■ TO DO:
Every single entry needs to appear again exactly as given.

═════ THE RECORDS ═════

lemma g2_conds_w_scale_iff:
  assumes t: "t \<noteq> 0"
  shows "g2_conds (c / t\<^sup>2) (w_scale t ** A ** w_scale (1 / t)) \<longleftrightarrow> g2_conds c A"
proof
  assume "g2_conds (c / t\<^sup>2) (w_scale t ** A ** w_scale (1 / t))"
  from g2_conds_w_scale[OF _ this, of "1 / t"] t
  have "g2_conds c ((w_scale (1 / t) ** w_scale t) ** A ** (w_scale (1 / t) ** w_scale t))"
    by (simp add: matrix_mul_assoc power2_eq_square)
  moreover have "w_scale (1 / t) ** w_scale t = mat 1"
    using w_scale_inverse[of "1 / t"] t by simp
  ultimately show "g2_conds c A"
    by simp
qed (rule g2_conds_w_scale[OF t])

lemma stab_beta_conj: "stab 4 beta = {A. w_scale (1/3) ** A ** w_scale 3 \<in> stab 3 alpha}"
  using g2_conds_w_scale_iff[of "1/3" "1/3"]
  by (simp add: stab_alpha_eq stab_beta_eq power2_eq_square)

lemma g2_conds_inj:
  assumes "{A. g2_conds c A} = {A. g2_conds c' A}"
  shows "c = c'"
proof -
  let ?A = "sparse_matrix [(0, 5, c), (3, 4, - c), (4, 3, -1), (5, 0, 1)]"
  have "g2_conds c ?A"
    unfolding g2_conds_def forall_7 by simp
  with assms have "g2_conds c' ?A"
    by blast
  then show ?thesis
    unfolding g2_conds_def by simp
qed

definition so4_conds :: "real^7^7 \<Rightarrow> bool" where
  "so4_conds A \<longleftrightarrow> g2_conds 0 A \<and> (\<forall>i\<in>{0,1,2,3}. \<forall>j\<in>{4,5,6}. A$j$i = 0)"

lemma g2_conds_inter_iff:
  assumes "c \<noteq> c'"
  shows "g2_conds c A \<and> g2_conds c' A \<longleftrightarrow> so4_conds A"
proof
  assume A: "g2_conds c A \<and> g2_conds c' A"
  have "\<forall>i\<in>{0,1,2,3}. \<forall>j\<in>{4,5,6}. A$j$i = 0"
  proof (intro ballI)
    fix i j :: 7
    assume "i \<in> {0,1,2,3}" "j \<in> {4,5,6}"
    with A have "A$i$j = c * A$j$i" "A$i$j = c' * A$j$i"
      unfolding g2_conds_def by blast+
    then have "c * A$j$i = c' * A$j$i"
      by metis
    with assms show "A$j$i = 0"
      by auto
  qed
  with A show "so4_conds A"
    unfolding so4_conds_def g2_conds_def by simp
next
  assume "so4_conds A"
  then show "g2_conds c A \<and> g2_conds c' A"
    unfolding so4_conds_def g2_conds_def by simp
qed

definition ul_index :: "4 \<Rightarrow> 7" where
  "ul_index i = (if i = 1 then 0 else if i = 2 then 1 else if i = 3 then 2 else 3)"

definition ul_block :: "real^7^7 \<Rightarrow> real^4^4" where
  "ul_block A = (\<chi> i j. A $ ul_index i $ ul_index j)"

lemma ul_index_simps: "ul_index 1 = 0" "ul_index 2 = 1" "ul_index 3 = 2" "ul_index 4 = 3"
  by (simp_all add: ul_index_def)

lemma ul_block_nth: "ul_block A $ i $ j = A $ ul_index i $ ul_index j"
  by (simp add: ul_block_def)

lemma linear_ul_block: "linear ul_block"
  by (rule linearI) (simp_all add: ul_block_def vec_eq_iff)

text \<open>The generators built from \<open>\<varpi>\<^sub>s\<close> and from \<open>\<omega>\<^sub>s\<close> share their two entries in the \<open>\<real>\<^sup>4\<close>
  block, with equal signs in \<open>\<varpi>\<^sub>s\<close> and opposite signs in \<open>\<omega>\<^sub>s\<close>; hence the half-sums and
  half-differences.\<close>
definition so4_embed :: "real^4^4 \<Rightarrow> real^7^7" where
  "so4_embed M =
       ((M$2$1 + M$4$3) / 2) *\<^sub>R so_of (\<lambda>vs. ef [1,2] vs + ef [3,4] vs)
     + ((M$3$1 - M$4$2) / 2) *\<^sub>R so_of (\<lambda>vs. ef [1,3] vs + ef [4,2] vs)
     + ((M$4$1 + M$3$2) / 2) *\<^sub>R so_of (\<lambda>vs. ef [1,4] vs + ef [2,3] vs)
     + ((M$2$1 - M$4$3) / 2) *\<^sub>R so_of (\<lambda>vs. ef [1,2] vs - ef [3,4] vs - 2 * ef [6,7] vs)
     + ((M$3$1 + M$4$2) / 2) *\<^sub>R so_of (\<lambda>vs. ef [1,3] vs - ef [4,2] vs - 2 * ef [7,5] vs)
     + ((M$4$1 - M$3$2) / 2) *\<^sub>R so_of (\<lambda>vs. ef [1,4] vs - ef [2,3] vs - 2 * ef [5,6] vs)"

═════

■ YOUR SOLUTION:
lemma g2_conds_w_scale_iff:
  assumes t: "t \<noteq> 0"
  shows "g2_conds (c / t\<^sup>2) (w_scale t ** A ** w_scale (1 / t)) \<longleftrightarrow> g2_conds c A"
proof
  assume "g2_conds (c / t\<^sup>2) (w_scale t ** A ** w_scale (1 / t))"
  from g2_conds_w_scale[OF _ this, of "1 / t"] t
  have "g2_conds c ((w_scale (1 / t) ** w_scale t) ** A ** (w_scale (1 / t) ** w_scale t))"
    by (simp add: matrix_mul_assoc power2_eq_square)
  moreover have "w_scale (1 / t) ** w_scale t = mat 1"
    using w_scale_inverse[of "1 / t"] t by simp
  ultimately show "g2_conds c A"
    by simp
qed (rule g2_conds_w_scale[OF t])

lemma stab_beta_conj: "stab 4 beta = {A. w_scale (1/3) ** A ** w_scale 3 \<in> stab 3 alpha}"
  using g2_conds_w_scale_iff[of "1/3" "1/3"]
  by (simp add: stab_alpha_eq stab_beta_eq power2_eq_square)

lemma g2_conds_inj:
  assumes "{A. g2_conds c A} = {A. g2_conds c' A}"
  shows "c = c'"
proof -
  let ?A = "sparse_matrix [(0, 5, c), (3, 4, - c), (4, 3, -1), (5, 0, 1)]"
  have "g2_conds c ?A"
    unfolding g2_conds_def forall_7 by simp
  with assms have "g2_conds c' ?A"
    by blast
  then show ?thesis
    unfolding g2_conds_def by simp
qed

definition so4_conds :: "real^7^7 \<Rightarrow> bool" where
  "so4_conds A \<longleftrightarrow> g2_conds 0 A \<and> (\<forall>i\<in>{0,1,2,3}. \<forall>j\<in>{4,5,6}. A$j$i = 0)"

lemma g2_conds_inter_iff:
  assumes "c \<noteq> c'"
  shows "g2_conds c A \<and> g2_conds c' A \<longleftrightarrow> so4_conds A"
proof
  assume A: "g2_conds c A \<and> g2_conds c' A"
  have "\<forall>i\<in>{0,1,2,3}. \<forall>j\<in>{4,5,6}. A$j$i = 0"
  proof (intro ballI)
    fix i j :: 7
    assume "i \<in> {0,1,2,3}" "j \<in> {4,5,6}"
    with A have "A$i$j = c * A$j$i" "A$i$j = c' * A$j$i"
      unfolding g2_conds_def by blast+
    then have "c * A$j$i = c' * A$j$i"
      by metis
    with assms show "A$j$i = 0"
      by auto
  qed
  with A show "so4_conds A"
    unfolding so4_conds_def g2_conds_def by simp
next
  assume "so4_conds A"
  then show "g2_conds c A \<and> g2_conds c' A"
    unfolding so4_conds_def g2_conds_def by simp
qed

definition ul_index :: "4 \<Rightarrow> 7" where
  "ul_index i = (if i = 1 then 0 else if i = 2 then 1 else if i = 3 then 2 else 3)"

definition ul_block :: "real^7^7 \<Rightarrow> real^4^4" where
  "ul_block A = (\<chi> i j. A $ ul_index i $ ul_index j)"

lemma ul_index_simps: "ul_index 1 = 0" "ul_index 2 = 1" "ul_index 3 = 2" "ul_index 4 = 3"
  by (simp_all add: ul_index_def)

lemma ul_block_nth: "ul_block A $ i $ j = A $ ul_index i $ ul_index j"
  by (simp add: ul_block_def)

lemma linear_ul_block: "linear ul_block"
  by (rule linearI) (simp_all add: ul_block_def vec_eq_iff)

text \<open>The generators built from \<open>\<varpi>\<^sub>s\<close> and from \<open>\<omega>\<^sub>s\<close> share their two entries in the \<open>\<real>\<^sup>4\<close>
  block, with equal signs in \<open>\<varpi>\<^sub>s\<close> and opposite signs in \<open>\<omega>\<^sub>s\<close>; hence the half-sums and
  half-differences.\<close>
definition so4_embed :: "real^4^4 \<Rightarrow> real^7^7" where
  "so4_embed M =
       ((M$2$1 + M$4$3) / 2) *\<^sub>R so_of (\<lambda>vs. ef [1,2] vs + ef [3,4] vs)
     + ((M$3$1 - M$4$2) / 2) *\<^sub>R so_of (\<lambda>vs. ef [1,3] vs + ef [4,2] vs)
     + ((M$4$1 + M$3$2) / 2) *\<^sub>R so_of (\<lambda>vs. ef [1,4] vs + ef [2,3] vs)
     + ((M$2$1 - M$4$3) / 2) *\<^sub>R so_of (\<lambda>vs. ef [1,2] vs - ef [3,4] vs - 2 * ef [6,7] vs)
     + ((M$3$1 + M$4$2) / 2) *\<^sub>R so_of (\<lambda>vs. ef [1,3] vs - ef [4,2] vs - 2 * ef [7,5] vs)
     + ((M$4$1 - M$3$2) / 2) *\<^sub>R so_of (\<lambda>vs. ef [1,4] vs - ef [2,3] vs - 2 * ef [5,6] vs)"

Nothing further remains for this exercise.